*What needs to be done*: Number of lines with "fixes" in the data: give that figure by itself.

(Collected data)
lemma height_subtree_snoc_less:
  assumes "p @ [x] \<in> positions t"
  shows "height (subtree t (p @ [x])) < height (subtree t p)"
proof -
  have "[x] \<in> positions (subtree t p)"
    using assms positions_append by blast
  then show ?thesis
    unfolding subtree_append by (cases "subtree t p") auto
qed

definition height_gap :: "btree \<Rightarrow> bool list \<Rightarrow> real" where
  "height_gap t e = real (height (subtree t (butlast e))) - real (height (subtree t e))"

lemma height_gap_pos: "e \<in> edges t \<Longrightarrow> 0 < height_gap t e"
  using height_subtree_snoc_less[of "butlast e" "last e" t]
  by (simp add: height_gap_def edges_def)

lemma root_leaf_dist_height_gap:
  assumes "distinct (leaf_list t)" "i \<in> set (leaf_list t)"
  shows "root_leaf_dist t (height_gap t) i = real (height t)"
proof -
  let ?h = "\<lambda>p. real (height (subtree t p))" and ?p = "leafpos t i"
  have "root_leaf_dist t (height_gap t) i = (\<Sum>j<length ?p. ?h (take j ?p) - ?h (take (Suc j) ?p))"
    unfolding root_leaf_dist_def sum_path_edges[OF leafpos(1)[OF assms]]
    by (intro sum.cong) (simp_all add: height_gap_def butlast_take)
  also have "\<dots> = ?h (take 0 ?p) - ?h (take (length ?p) ?p)"
    by (rule sum_lessThan_telescope')
  finally show ?thesis
    using leafpos(2)[OF assms] by simp
qed

lemma exists_admissible_MC:
  assumes d: "distinct (leaf_list t)" and E: "edges t \<noteq> {}" and L: "0 < L"
  shows "\<exists>l. admissible t L l \<and> MC t l"
proof -
  define G where "G = (\<Sum>e\<in>edges t. height_gap t e)"
  have G: "0 < G"
    unfolding G_def using E height_gap_pos by (intro sum_pos) auto
  define l where "l e = L / G * height_gap t e" for e
  have "(\<Sum>e\<in>edges t. l e) = L"
    unfolding l_def sum_distrib_left[symmetric] G_def[symmetric] using G by simp
  then have "admissible t L l"
    using G L height_gap_pos by (simp add: admissible_def l_def)
  moreover have "root_leaf_dist t l i = L / G * real (height t)" if "i \<in> leaves t" for i
    using root_leaf_dist_height_gap[OF d, of i] that
    unfolding root_leaf_dist_def l_def leaves_def sum_distrib_left[symmetric] by simp
  ultimately show ?thesis
    unfolding MC_def by auto
qed

lemma exists_top_concentrated_lengths:
  assumes d: "distinct (leaf_list t)" and i: "i \<in> set (leaf_list t)" and t: "t = Node t1 t2"
    and L: "0 \<le> L"
  shows "\<exists>l. (\<forall>e\<in>edges t. 0 \<le> l e) \<and> (\<Sum>e\<in>edges t. l e) = L \<and> (mc \<longrightarrow> MC t l) \<and>
           (\<Sum>e\<in>path_edges t i. l e * c e) = c (take 1 (leafpos t i)) * max_root_leaf_dist mc L"
proof (cases mc)
  case True
  define l where "l e = (if length e = 1 then L / 2 else 0)" for e :: "bool list"
  have "{e \<in> edges t. length e = 1} = {[False], [True]}"
    by (auto simp: t edges_def length_Suc_conv)
  then have "(\<Sum>e\<in>edges t. l e) = L"
    by (simp add: l_def sum.inter_filter[symmetric])
  moreover have dist: "root_leaf_dist t l j = L / 2" if "j \<in> leaves t" for j
  proof -
    have j: "j \<in> set (leaf_list t)"
      using that by (simp add: leaves_def)
    show ?thesis
      using sum_path_edges_length_one[OF leafpos(1)[OF d j] leafpos_ne_Nil[OF d j t], of "\<lambda>_. L / 2"]
      by (simp add: root_leaf_dist_def l_def)
  qed
  moreover have "(\<Sum>e\<in>path_edges t i. l e * c e)
      = (\<Sum>e\<in>path_edges t i. if length e = 1 then L / 2 * c e else 0)"
    by (intro sum.cong) (simp_all add: l_def)
  moreover have "\<dots> = L / 2 * c (take 1 (leafpos t i))"
    by (rule sum_path_edges_length_one[OF leafpos(1)[OF d i] leafpos_ne_Nil[OF d i t]])
  moreover have "MC t l"
    unfolding MC_def by (simp add: dist)
  ultimately show ?thesis
    using True L by (intro exI[of _ l]) (auto simp: l_def max_root_leaf_dist_def)
next
  case False
  let ?e0 = "take 1 (leafpos t i)"
  define l where "l e = (if e = ?e0 then L else 0)" for e
  have e0: "?e0 \<in> path_edges t i" "?e0 \<in> edges t"
    using top_edge_in_path_edges[OF d i t] path_edges_subset_edges by blast+
  have "(\<Sum>e\<in>path_edges t i. l e * c e) = (\<Sum>e\<in>path_edges t i. if e = ?e0 then L * c e else 0)"
    by (intro sum.cong) (simp_all add: l_def)
  then have "(\<Sum>e\<in>path_edges t i. l e * c e) = c ?e0 * L"
    using e0(1) by simp
  moreover have "(\<Sum>e\<in>edges t. l e) = L"
    using e0(2) by (simp add: l_def)
  ultimately show ?thesis
    using False L by (intro exI[of _ l]) (simp add: l_def max_root_leaf_dist_def)
qed

lemma admissible_convex_combination:
  assumes "\<forall>e\<in>edges t. 0 \<le> l0 e" "(\<Sum>e\<in>edges t. l0 e) = L" "admissible t L l1"
    and "0 < \<delta>" "\<delta> \<le> 1"
  shows "admissible t L (\<lambda>e. (1 - \<delta>) * l0 e + \<delta> * l1 e)"
proof -
  have "0 < (1 - \<delta>) * l0 e + \<delta> * l1 e" if "e \<in> edges t" for e
    using assms that by (intro add_nonneg_pos) (auto simp: admissible_def)
  moreover have "(\<Sum>e\<in>edges t. (1 - \<delta>) * l0 e + \<delta> * l1 e) = (1 - \<delta>) * L + \<delta> * L"
    using assms by (simp add: admissible_def sum.distrib flip: sum_distrib_left)
  ultimately show ?thesis
    by (simp add: admissible_def algebra_simps)
qed

lemma MC_linear_combination:
  assumes "MC t l0" "MC t l1"
  shows "MC t (\<lambda>e. a * l0 e + b * l1 e)"
proof -
  have dist: "root_leaf_dist t (\<lambda>e. a * l0 e + b * l1 e) i
      = a * root_leaf_dist t l0 i + b * root_leaf_dist t l1 i" for i
    by (simp add: root_leaf_dist_def sum.distrib sum_distrib_left)
  show ?thesis
    unfolding MC_def
  proof (intro ballI)
    fix i j assume "i \<in> leaves t" "j \<in> leaves t"
    with assms have "root_leaf_dist t l0 i = root_leaf_dist t l0 j"
      "root_leaf_dist t l1 i = root_leaf_dist t l1 j"
      unfolding MC_def by blast+
    then show "root_leaf_dist t (\<lambda>e. a * l0 e + b * l1 e) i = root_leaf_dist t (\<lambda>e. a * l0 e + b * l1 e) j"
      by (simp add: dist)
  qed
qed

lemma convex_combination_gt:
  fixes a b y :: real
  assumes "y < a"
  shows "\<exists>\<delta>>0. \<delta> \<le> 1 \<and> y < (1 - \<delta>) * a + \<delta> * b"
proof (cases "y < b")
  case True
  then show ?thesis
    by (intro exI[of _ 1]) simp
next
  case False
  define \<delta> where "\<delta> = (a - y) / (2 * (a - b))"
  have "0 < \<delta>" "\<delta> \<le> 1 / 2"
    using assms False by (simp_all add: \<delta>_def)
  moreover have "(1 - \<delta>) * a + \<delta> * b = a - \<delta> * (a - b)"
    by (simp add: algebra_simps)
  moreover have "\<delta> * (a - b) = (a - y) / 2"
    using assms False by (simp add: \<delta>_def field_simps)
  moreover have "y < a - (a - y) / 2"
    using assms by (simp add: field_simps)
  ultimately show ?thesis
    by (intro exI[of _ \<delta>]) auto
qed

lemma exists_admissible_path_sum_gt:
  assumes t: "t \<in> RB n" and n: "2 \<le> n" and i: "i \<in> {1..n}" and L: "0 < L"
    and y: "y < c (take 1 (leafpos t i)) * max_root_leaf_dist mc L"
  shows "\<exists>l. admissible t L l \<and> (mc \<longrightarrow> MC t l) \<and> y < (\<Sum>e\<in>path_edges t i. l e * c e)"
proof -
  have d: "distinct (leaf_list t)" and i': "i \<in> set (leaf_list t)"
    using RB_distinct[OF t] RB_set_leaf_list[OF t] i by auto
  obtain t1 t2 where t12: "t = Node t1 t2"
    using RB_Node[OF t n] by blast
  obtain l0 where l0: "\<forall>e\<in>edges t. 0 \<le> l0 e" "(\<Sum>e\<in>edges t. l0 e) = L" "mc \<longrightarrow> MC t l0"
    "(\<Sum>e\<in>path_edges t i. l0 e * c e) = c (take 1 (leafpos t i)) * max_root_leaf_dist mc L"
    using exists_top_concentrated_lengths[OF d i' t12 less_imp_le[OF L]] by blast
  obtain l1 where l1: "admissible t L l1" "MC t l1"
    using exists_admissible_MC[OF d _ L] t12 by (fastforce simp: edges_def)
  obtain \<delta> where \<delta>: "0 < \<delta>" "\<delta> \<le> 1"
    "y < (1 - \<delta>) * (\<Sum>e\<in>path_edges t i. l0 e * c e) + \<delta> * (\<Sum>e\<in>path_edges t i. l1 e * c e)"
    using convex_combination_gt[OF y[folded l0(4)]] by blast
  define l where "l e = (1 - \<delta>) * l0 e + \<delta> * l1 e" for e
  have "admissible t L l"
    unfolding l_def by (rule admissible_convex_combination) (use l0 l1 \<delta> in auto)
  moreover have "mc \<longrightarrow> MC t l"
    using l0(3) l1(2) MC_linear_combination unfolding l_def by blast
  moreover have "(\<Sum>e\<in>path_edges t i. l e * c e)
      = (1 - \<delta>) * (\<Sum>e\<in>path_edges t i. l0 e * c e) + \<delta> * (\<Sum>e\<in>path_edges t i. l1 e * c e)"
    by (simp add: l_def distrib_right sum.distrib sum_distrib_left mult.assoc)
  ultimately show ?thesis
    using \<delta>(3) by auto
qed

lemma Sup_path_sums:
  fixes c :: "btree \<Rightarrow> nat \<Rightarrow> bool list \<Rightarrow> real"
  assumes n: "2 \<le> n" and L: "0 < L" and C: "0 \<le> C"
    and le: "\<And>t i e. t \<in> RB n \<Longrightarrow> i \<in> {1..n} \<Longrightarrow> e \<in> path_edges t i \<Longrightarrow> c t i e \<le> C"
    and t0: "t0 \<in> RB n" and i0: "i0 \<in> {1..n}" and c0: "c t0 i0 (take 1 (leafpos t0 i0)) = C"
  shows "Sup {\<Sum>e\<in>path_edges t i. l e * c t i e | t l i.
      t \<in> RB n \<and> i \<in> {1..n} \<and> admissible t L l \<and> (mc \<longrightarrow> MC t l)} = C * max_root_leaf_dist mc L"
    (is "Sup ?S = ?B")
proof (rule cSup_eq)
  fix x assume "x \<in> ?S"
  then obtain t l i where x: "x = (\<Sum>e\<in>path_edges t i. l e * c t i e)" and t: "t \<in> RB n"
    and i: "i \<in> {1..n}" and adm: "admissible t L l" and mc: "mc \<longrightarrow> MC t l"
    by blast
  have "x \<le> C * root_leaf_dist t l i"
    unfolding x using le[OF t i] by (intro path_sum_le[OF adm]) auto
  also have "\<dots> \<le> ?B"
    using root_leaf_dist_le_max[OF t n i adm mc] C by (rule mult_left_mono)
  finally show "x \<le> ?B" .
next
  fix y assume ub: "\<And>x. x \<in> ?S \<Longrightarrow> x \<le> y"
  show "?B \<le> y"
  proof (rule ccontr)
    assume "\<not> ?B \<le> y"
    then obtain l where l: "admissible t0 L l" "mc \<longrightarrow> MC t0 l"
      and gt: "y < (\<Sum>e\<in>path_edges t0 i0. l e * c t0 i0 e)"
      using exists_admissible_path_sum_gt[OF t0 n i0 L, of y "c t0 i0" mc] c0 by auto
    with t0 i0 have "(\<Sum>e\<in>path_edges t0 i0. l e * c t0 i0 e) \<in> ?S"
      by blast
    with ub gt show False
      by fastforce
  qed
qed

*Solution*: 2